(Stored items)
/---
(* For every instance such that $|S_2|>\pi_1+\pi_3+\pi_4-1$, $|S_2|\ge 3$ and $|S_2|$ is odd, we have $H^{PW''}\le \tfrac{24}{13}H^*$.
   Context: An instance consists of an integer $n\ge 1$ and growth rates $1=h(1)\ge h(2)\ge\cdots\ge h(n)>0$ of bamboos $b_1,\dots,b_n$. Bamboo Garden Trimming (discrete version): - All heights are $0$ initially. - On each day $t=1,2,\dots$ every bamboo $b_j$ grows by $h(j)$. - At the end of each day the gardener cuts exactly one bamboo $\sigma(t)\in\{1,\dots,n\}$ back to height $0$. The height of a schedule $\sigma:\mathbb{N}\to\{1,\dots,n\}$ is the supremum, over all days $t$ and all $j$, of the height of $b_j$ at the end of day $t$ just before the cut. $H^*$ denotes the infimum of this height over all schedules. Value of algorithm PW'': - Split $\{1,\dots,n\}$ into four sets: - $S_1=\{j: \tfrac23<h(j)\le 1\}$; - $S_2=\{j:\tfrac12<h(j)\le\tfrac23\}$; - $S_3=\{j: h(j)\le\tfrac12 \text{ and } \tfrac23 2^{-k}<h(j)\le 2^{-k}\text{ for some integer }k\ge1\}$; - $S_4=\{j: h(j)\le\tfrac12\text{ and } 2^{-(k+1)}<h(j)\le \tfrac23 2^{-k}\text{ for some integer }k\ge 1\}$. - Modified growths: $h''(j)=2^{-k}$ for $j\in S_3$ and $h''(j)=\tfrac23 2^{-k}$ for $j\in S_4$, with $k$ as in the definition of the set. - Let $\pi_1=|S_1|$, $sh_3=\sum_{j\in S_3}h''(j)$, $sh_4=\sum_{j\in S_4}h''(j)$, $\pi_3=\lfloor sh_3\rfloor$, $\pi_4=\lfloor sh_4\rfloor$, $f_3=sh_3-\pi_3$, $f_4=sh_4-\pi_4$. - Option (a): $\pi_R(a)=\lceil f_3+f_4\rceil$ and $z(a)=\pi_1+|S_2|+\pi_3+\pi_4+\pi_R(a)$. - Option (b): if $S_2=\emptyset$ put $z(b)=+\infty$. Otherwise let $h^*=\max_{j\in S_2}h(j)$ and $f_2=\tfrac12$ if $|S_2|$ is odd, $f_2=0$ if $|S_2|$ is even. Then $\pi_R(b)=\lceil f_2+f_3+f_4\rceil$ and $z(b)=2h^*\,(\pi_1+\lfloor |S_2|/2\rfloor+\pi_3+\pi_4+\pi_R(b))$. - The value returned by algorithm PW'' is $H^{PW''}=\min\{z(a),z(b)\}$. The paper takes this as the maximum height of the periodic pinwheel trimming schedule that it builds from these partitions. *)

theory Defs
  imports Complex_Main "HOL-Library.Extended_Real"
begin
\---
> Task description
Write out a verbatim copy of the data, beginning with its first line and ending with the line that contains "theory Defs".

> Answer space
(* For every instance such that $|S_2|>\pi_1+\pi_3+\pi_4-1$, $|S_2|\ge 3$ and $|S_2|$ is odd, we have $H^{PW''}\le \tfrac{24}{13}H^*$.
   Context: An instance consists of an integer $n\ge 1$ and growth rates $1=h(1)\ge h(2)\ge\cdots\ge h(n)>0$ of bamboos $b_1,\dots,b_n$. Bamboo Garden Trimming (discrete version): - All heights are $0$ initially. - On each day $t=1,2,\dots$ every bamboo $b_j$ grows by $h(j)$. - At the end of each day the gardener cuts exactly one bamboo $\sigma(t)\in\{1,\dots,n\}$ back to height $0$. The height of a schedule $\sigma:\mathbb{N}\to\{1,\dots,n\}$ is the supremum, over all days $t$ and all $j$, of the height of $b_j$ at the end of day $t$ just before the cut. $H^*$ denotes the infimum of this height over all schedules. Value of algorithm PW'': - Split $\{1,\dots,n\}$ into four sets: - $S_1=\{j: \tfrac23<h(j)\le 1\}$; - $S_2=\{j:\tfrac12<h(j)\le\tfrac23\}$; - $S_3=\{j: h(j)\le\tfrac12 \text{ and } \tfrac23 2^{-k}<h(j)\le 2^{-k}\text{ for some integer }k\ge1\}$; - $S_4=\{j: h(j)\le\tfrac12\text{ and } 2^{-(k+1)}<h(j)\le \tfrac23 2^{-k}\text{ for some integer }k\ge 1\}$. - Modified growths: $h''(j)=2^{-k}$ for $j\in S_3$ and $h''(j)=\tfrac23 2^{-k}$ for $j\in S_4$, with $k$ as in the definition of the set. - Let $\pi_1=|S_1|$, $sh_3=\sum_{j\in S_3}h''(j)$, $sh_4=\sum_{j\in S_4}h''(j)$, $\pi_3=\lfloor sh_3\rfloor$, $\pi_4=\lfloor sh_4\rfloor$, $f_3=sh_3-\pi_3$, $f_4=sh_4-\pi_4$. - Option (a): $\pi_R(a)=\lceil f_3+f_4\rceil$ and $z(a)=\pi_1+|S_2|+\pi_3+\pi_4+\pi_R(a)$. - Option (b): if $S_2=\emptyset$ put $z(b)=+\infty$. Otherwise let $h^*=\max_{j\in S_2}h(j)$ and $f_2=\tfrac12$ if $|S_2|$ is odd, $f_2=0$ if $|S_2|$ is even. Then $\pi_R(b)=\lceil f_2+f_3+f_4\rceil$ and $z(b)=2h^*\,(\pi_1+\lfloor |S_2|/2\rfloor+\pi_3+\pi_4+\pi_R(b))$. - The value returned by algorithm PW'' is $H^{PW''}=\min\{z(a),z(b)\}$. The paper takes this as the maximum height of the periodic pinwheel trimming schedule that it builds from these partitions. *)

theory Defs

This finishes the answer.